Work task: Retype all the records with nothing changed.

START Input data

lemma prod_list_take_sorted_le_prod_mset:
  fixes s :: "real list"
  assumes "sorted s" "set s \<subseteq> {0..1}" "M \<subseteq># mset s" "size M \<le> R"
  shows "prod_list (take R s) \<le> prod_mset M"
  using assms
proof (induction s arbitrary: M R)
  case (Cons a s)
  show ?case
  proof (cases "M = {#}")
    case True
    then show ?thesis
      using prod_list_unit_interval[of "take R (a # s)"] Cons.prems(2) set_take_subset by fastforce
  next
    case False
    then obtain R' where R: "R = Suc R'"
      using Cons.prems(4) by (cases R) auto
    define b where "b = (if a \<in># M then a else (SOME b. b \<in># M))"
    have b: "b \<in># M"
      using False by (simp add: b_def some_in_eq)
    have "a \<le> b"
      using b Cons.prems(1,3) mset_subset_eqD by (fastforce simp: b_def)
    have "M - {#a#} \<subseteq># mset s"
      using Cons.prems(3) by (simp add: subset_eq_diff_conv)
    then have "M - {#b#} \<subseteq># mset s"
      by (metis b_def diff_single_trivial diff_subset_eq_self subset_mset.order_trans)
    then have IH: "prod_list (take R' s) \<le> prod_mset (M - {#b#})"
      using Cons R b by (intro Cons.IH) (auto simp: size_Diff_submset)
    have "a * prod_list (take R' s) \<le> b * prod_mset (M - {#b#})"
      using IH \<open>a \<le> b\<close> Cons.prems(2) prod_list_unit_interval[of "take R' s"] set_take_subset
      by (intro mult_mono) fastforce+
    then show ?thesis
      by (simp add: R prod_mset.remove[OF b])
  qed
qed simp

END Input data

Output for this exercise:
lemma prod_list_take_sorted_le_prod_mset:
  fixes s :: "real list"
  assumes "sorted s" "set s \<subseteq> {0..1}" "M \<subseteq># mset s" "size M \<le> R"
  shows "prod_list (take R s) \<le> prod_mset M"
  using assms
proof (induction s arbitrary: M R)
  case (Cons a s)
  show ?case
  proof (cases "M = {#}")
    case True
    then show ?thesis
      using prod_list_unit_interval[of "take R (a # s)"] Cons.prems(2) set_take_subset by fastforce
  next
    case False
    then obtain R' where R: "R = Suc R'"
      using Cons.prems(4) by (cases R) auto
    define b where "b = (if a \<in># M then a else (SOME b. b \<in># M))"
    have b: "b \<in># M"
      using False by (simp add: b_def some_in_eq)
    have "a \<le> b"
      using b Cons.prems(1,3) mset_subset_eqD by (fastforce simp: b_def)
    have "M - {#a#} \<subseteq># mset s"
      using Cons.prems(3) by (simp add: subset_eq_diff_conv)
    then have "M - {#b#} \<subseteq># mset s"
      by (metis b_def diff_single_trivial diff_subset_eq_self subset_mset.order_trans)
    then have IH: "prod_list (take R' s) \<le> prod_mset (M - {#b#})"
      using Cons R b by (intro Cons.IH) (auto simp: size_Diff_submset)
    have "a * prod_list (take R' s) \<le> b * prod_mset (M - {#b#})"
      using IH \<open>a \<le> b\<close> Cons.prems(2) prod_list_unit_interval[of "take R' s"] set_take_subset
      by (intro mult_mono) fastforce+
    then show ?thesis
      by (simp add: R prod_mset.remove[OF b])
  qed
qed simp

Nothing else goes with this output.